(Records excerpted from a collection)
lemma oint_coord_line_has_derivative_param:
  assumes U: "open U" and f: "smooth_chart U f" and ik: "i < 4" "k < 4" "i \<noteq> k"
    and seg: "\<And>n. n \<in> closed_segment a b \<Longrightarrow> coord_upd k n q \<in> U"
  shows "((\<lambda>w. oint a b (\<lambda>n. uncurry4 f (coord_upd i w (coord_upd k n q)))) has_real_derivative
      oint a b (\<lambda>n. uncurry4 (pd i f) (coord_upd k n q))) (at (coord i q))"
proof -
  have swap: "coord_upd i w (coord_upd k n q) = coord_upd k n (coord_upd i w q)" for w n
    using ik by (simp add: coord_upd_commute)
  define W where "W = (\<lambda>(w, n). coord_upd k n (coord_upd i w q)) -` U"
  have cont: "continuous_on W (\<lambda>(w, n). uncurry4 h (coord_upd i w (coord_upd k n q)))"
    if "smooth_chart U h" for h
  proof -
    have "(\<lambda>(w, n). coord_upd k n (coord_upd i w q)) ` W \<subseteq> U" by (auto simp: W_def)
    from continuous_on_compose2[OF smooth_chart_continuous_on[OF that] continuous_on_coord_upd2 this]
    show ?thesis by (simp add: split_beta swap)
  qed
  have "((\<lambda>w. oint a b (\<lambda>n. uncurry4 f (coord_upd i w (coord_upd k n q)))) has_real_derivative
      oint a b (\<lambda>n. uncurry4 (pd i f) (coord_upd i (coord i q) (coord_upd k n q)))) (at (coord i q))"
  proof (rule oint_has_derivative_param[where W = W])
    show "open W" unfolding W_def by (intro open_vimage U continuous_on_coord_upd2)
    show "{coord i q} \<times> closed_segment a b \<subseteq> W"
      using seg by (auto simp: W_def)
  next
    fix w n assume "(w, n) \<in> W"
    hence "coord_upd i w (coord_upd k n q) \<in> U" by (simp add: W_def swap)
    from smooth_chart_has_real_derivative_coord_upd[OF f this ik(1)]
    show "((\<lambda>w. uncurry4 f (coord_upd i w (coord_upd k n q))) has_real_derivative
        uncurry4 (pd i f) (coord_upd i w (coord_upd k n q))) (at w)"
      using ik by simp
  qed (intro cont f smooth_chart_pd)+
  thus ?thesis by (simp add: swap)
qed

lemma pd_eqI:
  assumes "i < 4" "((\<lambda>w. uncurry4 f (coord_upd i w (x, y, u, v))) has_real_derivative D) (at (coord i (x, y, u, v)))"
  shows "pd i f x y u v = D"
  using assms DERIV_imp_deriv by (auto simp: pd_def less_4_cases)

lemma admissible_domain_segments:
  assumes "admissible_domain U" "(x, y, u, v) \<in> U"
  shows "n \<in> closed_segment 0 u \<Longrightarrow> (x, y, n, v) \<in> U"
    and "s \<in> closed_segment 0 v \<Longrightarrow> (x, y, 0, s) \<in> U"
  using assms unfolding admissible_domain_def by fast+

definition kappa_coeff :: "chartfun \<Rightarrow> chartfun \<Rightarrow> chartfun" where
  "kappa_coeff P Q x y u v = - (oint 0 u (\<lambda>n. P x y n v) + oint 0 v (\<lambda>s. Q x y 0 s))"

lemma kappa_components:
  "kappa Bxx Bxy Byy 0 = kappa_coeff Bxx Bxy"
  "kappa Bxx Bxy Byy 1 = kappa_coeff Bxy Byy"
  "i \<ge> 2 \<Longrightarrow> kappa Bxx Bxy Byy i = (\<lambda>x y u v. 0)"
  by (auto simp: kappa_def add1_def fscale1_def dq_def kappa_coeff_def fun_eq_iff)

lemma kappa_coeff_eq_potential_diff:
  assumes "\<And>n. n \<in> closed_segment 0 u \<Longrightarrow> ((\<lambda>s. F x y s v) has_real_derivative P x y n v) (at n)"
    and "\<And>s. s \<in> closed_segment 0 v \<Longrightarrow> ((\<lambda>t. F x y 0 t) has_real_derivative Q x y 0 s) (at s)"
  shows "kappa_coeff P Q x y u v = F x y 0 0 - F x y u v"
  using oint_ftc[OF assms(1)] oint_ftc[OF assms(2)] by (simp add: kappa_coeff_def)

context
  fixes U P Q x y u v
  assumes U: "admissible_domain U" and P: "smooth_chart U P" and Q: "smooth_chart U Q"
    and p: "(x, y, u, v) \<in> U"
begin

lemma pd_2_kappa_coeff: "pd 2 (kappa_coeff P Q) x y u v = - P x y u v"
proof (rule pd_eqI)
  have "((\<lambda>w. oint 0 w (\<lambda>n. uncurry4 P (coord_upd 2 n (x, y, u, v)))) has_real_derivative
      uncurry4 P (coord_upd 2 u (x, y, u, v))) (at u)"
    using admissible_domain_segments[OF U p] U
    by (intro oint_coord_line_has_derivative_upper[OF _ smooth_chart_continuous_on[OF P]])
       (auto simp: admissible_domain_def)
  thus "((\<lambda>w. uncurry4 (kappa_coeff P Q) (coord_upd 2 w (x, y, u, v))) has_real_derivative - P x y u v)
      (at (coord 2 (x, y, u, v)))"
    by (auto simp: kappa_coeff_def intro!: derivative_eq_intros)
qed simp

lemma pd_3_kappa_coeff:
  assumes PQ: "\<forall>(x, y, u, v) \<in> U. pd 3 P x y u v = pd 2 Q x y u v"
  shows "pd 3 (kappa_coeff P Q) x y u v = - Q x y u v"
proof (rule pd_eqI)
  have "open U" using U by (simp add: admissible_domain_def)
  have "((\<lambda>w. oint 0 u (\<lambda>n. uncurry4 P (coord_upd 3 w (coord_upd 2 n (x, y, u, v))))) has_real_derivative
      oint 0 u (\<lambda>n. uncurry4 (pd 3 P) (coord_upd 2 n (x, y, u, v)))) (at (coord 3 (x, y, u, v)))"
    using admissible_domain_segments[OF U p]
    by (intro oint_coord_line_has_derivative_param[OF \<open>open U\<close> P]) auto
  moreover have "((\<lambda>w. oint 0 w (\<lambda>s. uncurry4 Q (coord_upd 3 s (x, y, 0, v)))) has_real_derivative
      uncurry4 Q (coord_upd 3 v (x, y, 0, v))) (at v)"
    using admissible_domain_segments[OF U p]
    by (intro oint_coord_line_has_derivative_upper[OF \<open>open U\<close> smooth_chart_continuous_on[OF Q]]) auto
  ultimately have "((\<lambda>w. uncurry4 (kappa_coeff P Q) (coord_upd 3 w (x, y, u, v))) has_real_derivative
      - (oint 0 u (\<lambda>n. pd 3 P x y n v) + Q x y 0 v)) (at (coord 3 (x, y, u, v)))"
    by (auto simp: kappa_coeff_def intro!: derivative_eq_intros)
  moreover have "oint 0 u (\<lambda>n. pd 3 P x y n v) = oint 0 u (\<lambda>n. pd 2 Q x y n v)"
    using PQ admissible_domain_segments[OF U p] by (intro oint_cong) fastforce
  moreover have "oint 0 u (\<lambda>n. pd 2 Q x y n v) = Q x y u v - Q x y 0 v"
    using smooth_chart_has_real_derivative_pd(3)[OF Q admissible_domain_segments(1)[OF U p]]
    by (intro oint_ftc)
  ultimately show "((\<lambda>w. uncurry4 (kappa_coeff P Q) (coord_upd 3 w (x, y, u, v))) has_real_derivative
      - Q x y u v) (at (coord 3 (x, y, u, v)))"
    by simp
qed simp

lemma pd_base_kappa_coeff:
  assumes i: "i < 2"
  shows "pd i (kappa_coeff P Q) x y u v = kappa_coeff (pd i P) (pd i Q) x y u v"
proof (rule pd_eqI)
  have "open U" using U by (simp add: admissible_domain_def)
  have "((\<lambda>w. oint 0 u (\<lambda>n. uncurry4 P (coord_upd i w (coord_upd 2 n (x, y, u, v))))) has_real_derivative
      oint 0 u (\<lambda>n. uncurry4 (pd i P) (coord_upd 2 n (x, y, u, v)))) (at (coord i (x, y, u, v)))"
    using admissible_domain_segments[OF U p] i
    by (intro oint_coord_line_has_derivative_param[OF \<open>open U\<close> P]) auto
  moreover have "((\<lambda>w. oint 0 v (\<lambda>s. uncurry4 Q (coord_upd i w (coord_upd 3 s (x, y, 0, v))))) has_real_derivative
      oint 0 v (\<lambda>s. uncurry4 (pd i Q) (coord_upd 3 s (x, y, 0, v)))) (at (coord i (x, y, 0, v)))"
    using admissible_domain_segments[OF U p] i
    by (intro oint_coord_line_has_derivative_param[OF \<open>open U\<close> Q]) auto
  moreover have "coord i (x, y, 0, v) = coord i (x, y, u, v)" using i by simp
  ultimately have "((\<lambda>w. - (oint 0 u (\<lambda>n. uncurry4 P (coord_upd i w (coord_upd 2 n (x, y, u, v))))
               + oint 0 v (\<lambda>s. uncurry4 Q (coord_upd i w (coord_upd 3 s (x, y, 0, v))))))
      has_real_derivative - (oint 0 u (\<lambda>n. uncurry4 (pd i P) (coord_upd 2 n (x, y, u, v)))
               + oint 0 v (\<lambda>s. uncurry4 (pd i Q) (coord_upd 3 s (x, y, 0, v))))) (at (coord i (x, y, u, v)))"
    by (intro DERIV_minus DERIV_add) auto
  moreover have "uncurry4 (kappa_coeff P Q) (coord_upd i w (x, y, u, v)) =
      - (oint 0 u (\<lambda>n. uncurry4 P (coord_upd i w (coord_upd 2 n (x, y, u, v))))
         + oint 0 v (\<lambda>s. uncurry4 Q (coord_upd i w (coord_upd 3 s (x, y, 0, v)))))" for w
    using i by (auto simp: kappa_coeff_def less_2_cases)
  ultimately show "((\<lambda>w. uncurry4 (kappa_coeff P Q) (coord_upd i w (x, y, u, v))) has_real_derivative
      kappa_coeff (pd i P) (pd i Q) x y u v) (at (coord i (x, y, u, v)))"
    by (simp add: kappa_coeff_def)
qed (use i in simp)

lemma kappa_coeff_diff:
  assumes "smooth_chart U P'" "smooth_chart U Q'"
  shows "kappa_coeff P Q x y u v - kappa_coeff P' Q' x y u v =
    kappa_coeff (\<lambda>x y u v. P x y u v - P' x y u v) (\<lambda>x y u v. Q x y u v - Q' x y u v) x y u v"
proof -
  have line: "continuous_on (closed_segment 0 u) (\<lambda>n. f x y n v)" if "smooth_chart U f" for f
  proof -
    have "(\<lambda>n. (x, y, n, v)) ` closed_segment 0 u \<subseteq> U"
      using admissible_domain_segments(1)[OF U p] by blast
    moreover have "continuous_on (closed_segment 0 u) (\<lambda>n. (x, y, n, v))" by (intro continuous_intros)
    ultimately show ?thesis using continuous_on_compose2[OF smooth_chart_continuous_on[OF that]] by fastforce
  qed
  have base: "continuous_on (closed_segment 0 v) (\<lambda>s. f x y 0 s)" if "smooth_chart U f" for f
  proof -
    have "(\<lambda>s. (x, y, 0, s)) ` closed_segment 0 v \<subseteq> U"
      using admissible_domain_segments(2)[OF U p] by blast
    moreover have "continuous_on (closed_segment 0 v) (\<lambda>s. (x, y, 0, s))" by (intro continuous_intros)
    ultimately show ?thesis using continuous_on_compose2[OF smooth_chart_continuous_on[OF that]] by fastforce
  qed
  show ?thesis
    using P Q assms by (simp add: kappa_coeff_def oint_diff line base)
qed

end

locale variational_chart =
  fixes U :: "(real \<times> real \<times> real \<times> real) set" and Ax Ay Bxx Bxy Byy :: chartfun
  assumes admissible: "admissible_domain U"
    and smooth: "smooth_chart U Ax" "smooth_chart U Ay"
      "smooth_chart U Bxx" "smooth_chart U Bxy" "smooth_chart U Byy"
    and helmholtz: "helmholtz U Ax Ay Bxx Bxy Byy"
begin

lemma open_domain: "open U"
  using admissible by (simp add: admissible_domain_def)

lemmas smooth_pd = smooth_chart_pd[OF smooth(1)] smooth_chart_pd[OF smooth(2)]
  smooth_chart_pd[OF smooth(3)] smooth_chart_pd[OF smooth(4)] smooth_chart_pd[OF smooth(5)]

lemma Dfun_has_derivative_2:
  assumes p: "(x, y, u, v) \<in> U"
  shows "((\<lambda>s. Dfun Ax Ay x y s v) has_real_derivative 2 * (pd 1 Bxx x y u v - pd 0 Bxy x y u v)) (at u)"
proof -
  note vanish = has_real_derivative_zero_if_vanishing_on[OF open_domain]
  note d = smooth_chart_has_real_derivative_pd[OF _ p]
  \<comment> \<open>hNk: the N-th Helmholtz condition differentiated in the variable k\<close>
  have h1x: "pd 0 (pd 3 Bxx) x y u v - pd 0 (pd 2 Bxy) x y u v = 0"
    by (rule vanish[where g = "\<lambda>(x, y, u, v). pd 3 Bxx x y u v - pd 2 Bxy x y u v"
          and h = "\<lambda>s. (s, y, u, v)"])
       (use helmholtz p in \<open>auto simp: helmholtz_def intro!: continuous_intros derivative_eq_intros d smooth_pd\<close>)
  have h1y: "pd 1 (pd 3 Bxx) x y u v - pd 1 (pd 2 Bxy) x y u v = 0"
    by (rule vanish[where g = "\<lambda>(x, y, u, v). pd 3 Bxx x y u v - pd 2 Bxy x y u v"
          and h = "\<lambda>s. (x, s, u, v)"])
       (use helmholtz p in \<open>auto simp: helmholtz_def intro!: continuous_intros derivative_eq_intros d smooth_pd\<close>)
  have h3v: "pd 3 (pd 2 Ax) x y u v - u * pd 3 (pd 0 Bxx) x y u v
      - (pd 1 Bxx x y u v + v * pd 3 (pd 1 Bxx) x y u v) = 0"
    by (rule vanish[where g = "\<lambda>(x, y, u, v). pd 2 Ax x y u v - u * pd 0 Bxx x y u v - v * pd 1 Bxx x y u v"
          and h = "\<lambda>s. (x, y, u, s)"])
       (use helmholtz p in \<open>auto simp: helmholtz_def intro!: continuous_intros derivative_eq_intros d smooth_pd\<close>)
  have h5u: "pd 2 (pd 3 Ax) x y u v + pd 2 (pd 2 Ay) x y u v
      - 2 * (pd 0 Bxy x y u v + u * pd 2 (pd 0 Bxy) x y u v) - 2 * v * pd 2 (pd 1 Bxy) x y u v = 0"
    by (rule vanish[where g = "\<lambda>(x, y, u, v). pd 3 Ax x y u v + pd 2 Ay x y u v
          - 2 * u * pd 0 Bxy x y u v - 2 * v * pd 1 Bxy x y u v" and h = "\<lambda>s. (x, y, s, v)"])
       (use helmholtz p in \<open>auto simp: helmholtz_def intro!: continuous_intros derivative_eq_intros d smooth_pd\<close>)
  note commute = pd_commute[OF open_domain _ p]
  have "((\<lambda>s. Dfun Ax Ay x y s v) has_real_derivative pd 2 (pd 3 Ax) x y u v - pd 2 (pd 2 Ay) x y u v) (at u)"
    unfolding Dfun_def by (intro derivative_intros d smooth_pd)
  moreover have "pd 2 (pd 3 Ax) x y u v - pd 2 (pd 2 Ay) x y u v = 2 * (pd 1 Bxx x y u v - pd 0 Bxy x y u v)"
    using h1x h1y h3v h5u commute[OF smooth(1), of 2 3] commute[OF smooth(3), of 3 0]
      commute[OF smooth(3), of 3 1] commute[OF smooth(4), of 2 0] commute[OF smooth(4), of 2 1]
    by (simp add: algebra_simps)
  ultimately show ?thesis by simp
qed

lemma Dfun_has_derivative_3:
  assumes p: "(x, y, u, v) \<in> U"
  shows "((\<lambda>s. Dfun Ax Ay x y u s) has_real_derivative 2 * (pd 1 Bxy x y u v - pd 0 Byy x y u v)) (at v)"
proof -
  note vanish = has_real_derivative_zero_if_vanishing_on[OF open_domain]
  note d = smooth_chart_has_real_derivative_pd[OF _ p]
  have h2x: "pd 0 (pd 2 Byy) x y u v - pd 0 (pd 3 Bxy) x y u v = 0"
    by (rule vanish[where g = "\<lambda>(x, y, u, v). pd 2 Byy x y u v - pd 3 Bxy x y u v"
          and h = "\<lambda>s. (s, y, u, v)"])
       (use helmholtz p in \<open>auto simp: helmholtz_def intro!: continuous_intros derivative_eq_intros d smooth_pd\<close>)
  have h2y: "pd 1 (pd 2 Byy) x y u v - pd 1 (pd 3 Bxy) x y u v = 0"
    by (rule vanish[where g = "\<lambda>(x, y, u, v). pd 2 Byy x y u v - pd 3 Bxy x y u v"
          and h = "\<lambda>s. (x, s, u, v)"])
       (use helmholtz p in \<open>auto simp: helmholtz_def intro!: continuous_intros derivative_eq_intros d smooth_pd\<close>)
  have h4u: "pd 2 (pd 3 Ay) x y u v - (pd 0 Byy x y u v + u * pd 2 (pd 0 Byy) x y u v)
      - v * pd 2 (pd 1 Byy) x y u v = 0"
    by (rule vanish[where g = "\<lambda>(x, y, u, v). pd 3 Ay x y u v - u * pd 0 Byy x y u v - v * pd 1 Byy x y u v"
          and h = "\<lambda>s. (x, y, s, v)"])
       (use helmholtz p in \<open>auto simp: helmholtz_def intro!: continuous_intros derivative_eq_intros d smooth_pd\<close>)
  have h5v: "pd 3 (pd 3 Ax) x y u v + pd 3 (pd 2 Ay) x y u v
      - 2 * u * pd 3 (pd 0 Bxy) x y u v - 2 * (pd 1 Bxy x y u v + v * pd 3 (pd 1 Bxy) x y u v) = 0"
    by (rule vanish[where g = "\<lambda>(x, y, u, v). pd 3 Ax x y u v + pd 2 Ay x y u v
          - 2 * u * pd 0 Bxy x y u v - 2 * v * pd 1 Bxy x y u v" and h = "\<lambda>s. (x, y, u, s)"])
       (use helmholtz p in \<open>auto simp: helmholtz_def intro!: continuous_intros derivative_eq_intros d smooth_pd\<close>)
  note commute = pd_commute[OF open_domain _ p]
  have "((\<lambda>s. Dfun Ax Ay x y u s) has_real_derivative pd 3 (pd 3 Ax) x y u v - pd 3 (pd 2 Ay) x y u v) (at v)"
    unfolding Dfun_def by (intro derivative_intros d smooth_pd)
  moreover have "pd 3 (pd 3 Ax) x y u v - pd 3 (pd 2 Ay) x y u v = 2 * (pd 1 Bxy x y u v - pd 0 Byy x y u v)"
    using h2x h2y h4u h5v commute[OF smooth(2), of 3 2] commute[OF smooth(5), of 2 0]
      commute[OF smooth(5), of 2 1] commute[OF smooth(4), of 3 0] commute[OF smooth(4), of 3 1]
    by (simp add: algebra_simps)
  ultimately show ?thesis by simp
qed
---
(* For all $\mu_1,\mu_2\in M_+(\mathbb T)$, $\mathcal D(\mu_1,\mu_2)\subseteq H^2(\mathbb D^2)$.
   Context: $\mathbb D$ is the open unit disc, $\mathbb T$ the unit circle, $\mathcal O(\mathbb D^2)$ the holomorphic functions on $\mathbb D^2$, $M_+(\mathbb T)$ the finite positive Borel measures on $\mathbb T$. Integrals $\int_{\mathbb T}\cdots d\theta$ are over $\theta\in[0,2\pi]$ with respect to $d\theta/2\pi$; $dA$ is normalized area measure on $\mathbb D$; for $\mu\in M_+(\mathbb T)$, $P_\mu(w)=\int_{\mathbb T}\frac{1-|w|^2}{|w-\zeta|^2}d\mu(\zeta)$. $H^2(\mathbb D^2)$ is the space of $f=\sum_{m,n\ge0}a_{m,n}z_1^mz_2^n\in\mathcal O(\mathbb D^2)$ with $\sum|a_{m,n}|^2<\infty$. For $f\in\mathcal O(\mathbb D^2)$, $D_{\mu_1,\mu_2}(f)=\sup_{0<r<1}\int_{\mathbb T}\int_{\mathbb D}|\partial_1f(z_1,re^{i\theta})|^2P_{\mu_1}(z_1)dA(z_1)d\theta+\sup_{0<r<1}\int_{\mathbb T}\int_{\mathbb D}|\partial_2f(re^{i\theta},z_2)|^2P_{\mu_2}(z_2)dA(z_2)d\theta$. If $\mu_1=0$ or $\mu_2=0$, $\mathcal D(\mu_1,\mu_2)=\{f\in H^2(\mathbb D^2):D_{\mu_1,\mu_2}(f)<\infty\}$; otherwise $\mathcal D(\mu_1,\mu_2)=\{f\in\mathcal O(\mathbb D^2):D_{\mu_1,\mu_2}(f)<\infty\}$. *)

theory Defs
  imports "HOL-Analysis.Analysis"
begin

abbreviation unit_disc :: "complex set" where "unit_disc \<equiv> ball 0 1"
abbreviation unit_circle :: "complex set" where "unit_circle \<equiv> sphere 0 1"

### [What the exercise asks]
Output the lines of the records above exactly as they appear, from the line containing "using i by simp" through the line containing "has_real_derivative - (oint".

### [Completed exercise]
  moreover have "coord i (x, y, 0, v) = coord i (x, y, u, v)" using i by simp
  ultimately have "((\<lambda>w. - (oint 0 u (\<lambda>n. uncurry4 P (coord_upd i w (coord_upd 2 n (x, y, u, v))))
               + oint 0 v (\<lambda>s. uncurry4 Q (coord_upd i w (coord_upd 3 s (x, y, 0, v))))))
      has_real_derivative - (oint 0 u (\<lambda>n. uncurry4 (pd i P) (coord_upd 2 n (x, y, u, v)))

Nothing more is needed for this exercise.